1. Selbstreflexion: Reflektieren und verstehen Sie Ihren eigenen Bindungsstil und erkennen Sie Ihre Schutzstrategien. 

2. Vergangene Verletzungen heilen: Arbeiten Sie an den Wunden, die Ihre Bindungserfahrungen geprägt haben.

3. Selbstwert stärken: Ein gesunder Selbstwert ist der Schlüssel, um aus dem Kreislauf von Verlustangst und Vermeidungsverhalten auszusteigen.

4. Neue Erfahrungen machen: Suchen Sie nach Partnern, Personen, Umfeld, die Sie unterstützen, anstatt alte Muster zu reproduzieren.

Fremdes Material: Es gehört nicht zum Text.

(* Let $0<4\alpha\leq 1$, $0<2\beta\leq 1$, $1/2-\alpha/4\leq\gamma<1$, $K\geq 0$, and let $n\geq(42K+4)/(\alpha^{2}\beta)$. If $G$ is a graph of order $n$ with \[ \mu(G)>\gamma n-K/n\quad\text{and}\quad \delta(G)\leq(\gamma-\alpha)n, \] then there exists an induced subgraph $H$ of $G$ with $|H|\geq(1-\beta)n$ satisfying at least one of the following conditions: (i) $\mu(H)>\gamma(1+\beta\alpha/2)|H|$; (ii) $\mu(H)>\gamma|H|$ and $\delta(H)>(\gamma-\alpha)|H|$.
   Context: Graphs are finite and simple. $\mu(G)$ denotes the largest eigenvalue of the adjacency matrix of $G$, $|G|$ the number of vertices of $G$, and $\delta(G)$ the minimum degree of $G$. *)

theory Defs
  imports Complex_Main
begin

definition graph :: "'a set \<Rightarrow> ('a \<Rightarrow> 'a \<Rightarrow> bool) \<Rightarrow> bool" where
  "graph V E \<longleftrightarrow> finite V \<and> (\<forall>u\<in>V. \<forall>v\<in>V. E u v \<longleftrightarrow> E v u) \<and> (\<forall>v\<in>V. \<not> E v v)"

text \<open>Eigenvalues of the adjacency matrix (indexed by V): lambda with A x = lambda x for
some nonzero x : V -> real. (A is real symmetric, so all eigenvalues are real and
admit real eigenvectors.)\<close>
definition adj_eigenvalue :: "'a set \<Rightarrow> ('a \<Rightarrow> 'a \<Rightarrow> bool) \<Rightarrow> real \<Rightarrow> bool" where
  "adj_eigenvalue V E lam \<longleftrightarrow>
     (\<exists>x :: 'a \<Rightarrow> real. (\<exists>v\<in>V. x v \<noteq> 0) \<and>
        (\<forall>v\<in>V. (\<Sum>u\<in>{u\<in>V. E v u}. x u) = lam * x v))"

definition mu :: "'a set \<Rightarrow> ('a \<Rightarrow> 'a \<Rightarrow> bool) \<Rightarrow> real" where
  "mu V E = Max {lam. adj_eigenvalue V E lam}"

definition degree :: "'a set \<Rightarrow> ('a \<Rightarrow> 'a \<Rightarrow> bool) \<Rightarrow> 'a \<Rightarrow> nat" where
  "degree V E v = card {u\<in>V. E v u}"

definition min_degree :: "'a set \<Rightarrow> ('a \<Rightarrow> 'a \<Rightarrow> bool) \<Rightarrow> nat" where
  "min_degree V E = Min (degree V E ` V)"

end
lemma holder_norm_less_imp_holder:
  fixes f :: "real \<Rightarrow> real"
  assumes "holder_norm \<alpha> {0..} f + ereal s < ereal C"
  obtains R where "\<And>x y. x \<ge> 0 \<Longrightarrow> y \<ge> 0 \<Longrightarrow> \<bar>f x - f y\<bar> \<le> R * \<bar>x - y\<bar> powr \<alpha>"
proof -
  define A where "A = (SUP x\<in>{0::real..}. ereal \<bar>f x\<bar>)"
  define B where "B = (SUP p\<in>{(x, y). x \<in> {0::real..} \<and> y \<in> {0..} \<and> x \<noteq> y}.
      ereal (\<bar>f (fst p) - f (snd p)\<bar> / \<bar>fst p - snd p\<bar> powr \<alpha>))"
  have "A \<ge> 0" unfolding A_def by (rule SUP_upper2[of 0]) auto
  moreover have "A + B + ereal s < ereal C"
    using assms by (simp add: holder_norm_def A_def B_def)
  ultimately have "B \<noteq> \<infinity>" by auto
  moreover have "B \<ge> 0" unfolding B_def by (rule SUP_upper2[of "(0, 1)"]) auto
  ultimately obtain R where R: "B = ereal R" "R \<ge> 0" by (cases B) auto
  have "\<bar>f x - f y\<bar> \<le> R * \<bar>x - y\<bar> powr \<alpha>" if "x \<ge> 0" "y \<ge> 0" for x y
  proof (cases "x = y")
    case False
    have "ereal (\<bar>f x - f y\<bar> / \<bar>x - y\<bar> powr \<alpha>) \<le> B"
      unfolding B_def by (rule SUP_upper2[of "(x, y)"]) (use that False in auto)
    with R False show ?thesis by (simp add: divide_le_eq)
  qed (use R in simp)
  then show thesis by (rule that)
qed

lemma holder_imp_continuous_on:
  fixes f :: "real \<Rightarrow> real"
  assumes "\<alpha> > 0" and "\<And>x y. x \<in> S \<Longrightarrow> y \<in> S \<Longrightarrow> \<bar>f x - f y\<bar> \<le> R * \<bar>x - y\<bar> powr \<alpha>"
  shows "continuous_on S f"
  unfolding continuous_on_def
proof
  fix x assume x: "x \<in> S"
  have "((\<lambda>y. R * \<bar>y - x\<bar> powr \<alpha>) \<longlongrightarrow> R * \<bar>x - x\<bar> powr \<alpha>) (at x within S)"
    using assms(1) by (intro tendsto_intros) auto
  then have "((\<lambda>y. R * \<bar>y - x\<bar> powr \<alpha>) \<longlongrightarrow> 0) (at x within S)"
    using assms(1) by simp
  moreover have "\<forall>\<^sub>F y in at x within S. norm (f y - f x) \<le> R * \<bar>y - x\<bar> powr \<alpha>"
    using assms(2) x by (auto simp: eventually_at_filter)
  ultimately have "((\<lambda>y. f y - f x) \<longlongrightarrow> 0) (at x within S)"
    by (rule Lim_null_comparison[rotated])
  then show "(f \<longlongrightarrow> f x) (at x within S)" by (simp add: LIM_zero_iff)
qed

lemma weighted_holder_bounds:
  fixes f :: "real \<Rightarrow> real"
  assumes "0 < \<alpha>" and "0 \<le> s" and H: "holder_norm \<alpha> {0..} (\<lambda>r. f r * (1 + r) ^ 3) + ereal s < ereal C"
  shows "continuous_on {0..} f" and "\<And>r. r \<ge> 0 \<Longrightarrow> \<bar>f r\<bar> \<le> C / (1 + r) ^ 3" and "s \<le> C"
proof -
  have bound: "\<bar>f r * (1 + r) ^ 3\<bar> + s < C" if "r \<ge> 0" for r
    using holder_norm_less_imp_abs_less[OF H that] .
  then show "s \<le> C" using bound[of 0] by simp
  show "\<bar>f r\<bar> \<le> C / (1 + r) ^ 3" if "r \<ge> 0" for r
    using bound[OF that] \<open>0 \<le> s\<close> that by (simp add: abs_mult le_divide_eq)
  obtain R where "\<And>x y. x \<ge> 0 \<Longrightarrow> y \<ge> 0 \<Longrightarrow>
      \<bar>f x * (1 + x) ^ 3 - f y * (1 + y) ^ 3\<bar> \<le> R * \<bar>x - y\<bar> powr \<alpha>"
    using holder_norm_less_imp_holder[OF H] by blast
  then have weighted: "continuous_on {0..} (\<lambda>r. f r * (1 + r) ^ 3)"
    using \<open>0 < \<alpha>\<close> by (intro holder_imp_continuous_on) auto
  have "continuous_on {0..} (\<lambda>r. f r * (1 + r) ^ 3 * inverse ((1 + r) ^ 3))"
    by (intro continuous_on_mult[OF weighted] continuous_on_inverse continuous_intros) auto
  then show "continuous_on {0..} f"
    by (rule continuous_on_eq) auto
qed

lemma holder_norm_finite_if_bounded_lipschitz:
  fixes f :: "real \<Rightarrow> real"
  assumes "0 < \<alpha>" "\<alpha> \<le> 1" and B: "\<And>x. x \<in> S \<Longrightarrow> \<bar>f x\<bar> \<le> B"
    and L: "\<And>x y. x \<in> S \<Longrightarrow> y \<in> S \<Longrightarrow> \<bar>f x - f y\<bar> \<le> L * \<bar>x - y\<bar>" and "L \<ge> 0"
  shows "holder_norm \<alpha> S f < \<infinity>"
proof -
  have "(SUP p\<in>{(x, y). x \<in> S \<and> y \<in> S \<and> x \<noteq> y}.
        ereal (\<bar>f (fst p) - f (snd p)\<bar> / \<bar>fst p - snd p\<bar> powr \<alpha>)) \<le> ereal (L + 2 * \<bar>B\<bar>)"
  proof (rule SUP_least, clarify)
    fix x y assume xy: "x \<in> S" "y \<in> S" "x \<noteq> y"
    define t where "t = \<bar>x - y\<bar>"
    have t: "t > 0" "t powr \<alpha> > 0" using xy by (simp_all add: t_def)
    \<comment> \<open>Short distances use the Lipschitz bound, long ones the sup bound.\<close>
    have "\<bar>f x - f y\<bar> \<le> (L + 2 * \<bar>B\<bar>) * t powr \<alpha>"
    proof (cases "t \<le> 1")
      case True
      have "t = t powr 1" using t by simp
      also have "\<dots> \<le> t powr \<alpha>" using True t assms(1,2) by (intro powr_mono') auto
      finally have "t \<le> t powr \<alpha>" .
      have "\<bar>f x - f y\<bar> \<le> L * t" using L[OF xy(1,2)] by (simp add: t_def)
      also have "\<dots> \<le> L * t powr \<alpha>" using \<open>t \<le> t powr \<alpha>\<close> \<open>L \<ge> 0\<close> by (rule mult_left_mono)
      also have "\<dots> \<le> (L + 2 * \<bar>B\<bar>) * t powr \<alpha>" using t by (intro mult_right_mono) auto
      finally show ?thesis .
    next
      case False
      then have "1 \<le> t powr \<alpha>" using assms(1) by (simp add: ge_one_powr_ge_zero)
      have "\<bar>f x - f y\<bar> \<le> 2 * \<bar>B\<bar>" using B[OF xy(1)] B[OF xy(2)] by linarith
      also have "\<dots> \<le> (L + 2 * \<bar>B\<bar>) * t powr \<alpha>"
        using \<open>1 \<le> t powr \<alpha>\<close> \<open>L \<ge> 0\<close> mult_left_mono[of 1 "t powr \<alpha>" "L + 2 * \<bar>B\<bar>"] by simp
      finally show ?thesis .
    qed
    with t show "ereal (\<bar>f (fst (x, y)) - f (snd (x, y))\<bar> / \<bar>fst (x, y) - snd (x, y)\<bar> powr \<alpha>)
        \<le> ereal (L + 2 * \<bar>B\<bar>)"
      by (simp add: t_def divide_le_eq)
  qed
  moreover have "(SUP x\<in>S. ereal \<bar>f x\<bar>) \<le> ereal \<bar>B\<bar>"
    by (rule SUP_least) (use B in force)
  ultimately have "holder_norm \<alpha> S f \<le> ereal \<bar>B\<bar> + ereal (L + 2 * \<bar>B\<bar>)"
    unfolding holder_norm_def by (intro add_mono)
  also have "\<dots> < \<infinity>" by simp
  finally show ?thesis .
qed

section \<open>The regular solution of the homogeneous equation\<close>

lemma harmonic_oscillator_solution_form:
  fixes k :: real and w w' :: "real \<Rightarrow> real"
  assumes dw: "\<And>r. r > 0 \<Longrightarrow> (w has_real_derivative w' r) (at r)"
    and dw': "\<And>r. r > 0 \<Longrightarrow> (w' has_real_derivative - (k\<^sup>2 * w r)) (at r)"
  obtains a b where "\<And>r. r > 0 \<Longrightarrow> k * w r = a * sin (k * r) - b * cos (k * r)"
proof -
  define E1 where "E1 r = w' r * cos (k * r) + k * w r * sin (k * r)" for r
  define E2 where "E2 r = w' r * sin (k * r) - k * w r * cos (k * r)" for r
  have "(E1 has_real_derivative 0) (at r)" "(E2 has_real_derivative 0) (at r)" if "r > 0" for r
    unfolding E1_def E2_def
    by (rule derivative_eq_intros dw[OF that] dw'[OF that] refl | simp add: power2_eq_square algebra_simps)+
  then have "(E1 has_real_derivative 0) (at r within {0<..})" "(E2 has_real_derivative 0) (at r within {0<..})"
    if "r \<in> {0<..}" for r
    using that by (auto intro: has_field_derivative_at_within)
  then obtain a b where a: "\<And>r. r > 0 \<Longrightarrow> E1 r = a" and b: "\<And>r. r > 0 \<Longrightarrow> E2 r = b"
    using has_field_derivative_zero_constant[OF convex_real_interval(3)] by (metis greaterThan_iff)
  have "E1 r * sin (k * r) - E2 r * cos (k * r) = k * w r * (sin (k * r) * sin (k * r) + cos (k * r) * cos (k * r))" for r
    unfolding E1_def E2_def by (simp only: algebra_simps)
  then have "k * w r = E1 r * sin (k * r) - E2 r * cos (k * r)" for r
    by (metis mult_1_right sin_cos_squared_add3 add.commute)
  with a b show thesis by (intro that) auto
qed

Unsere Partnerwahl ist selten zufällig. Sie spiegelt unsere Bindungsmuster und die Schutzstrategien wieder, die wir im Laufe unseres Lebens entwickelt haben. Doch das bedeutet nicht, dass wir in ungesunden Mustern gefangen bleiben müssen. Mit Selbstreflexion, Heilung und neuen Erfahrungen können wir lernen, uns selbst und andere auf neue, gesündere Weise zu lieben und Beziehungen zu führen, die uns wirklich guttun. Machen Sie so viele wie mögliche korrigierende Erfahrungen.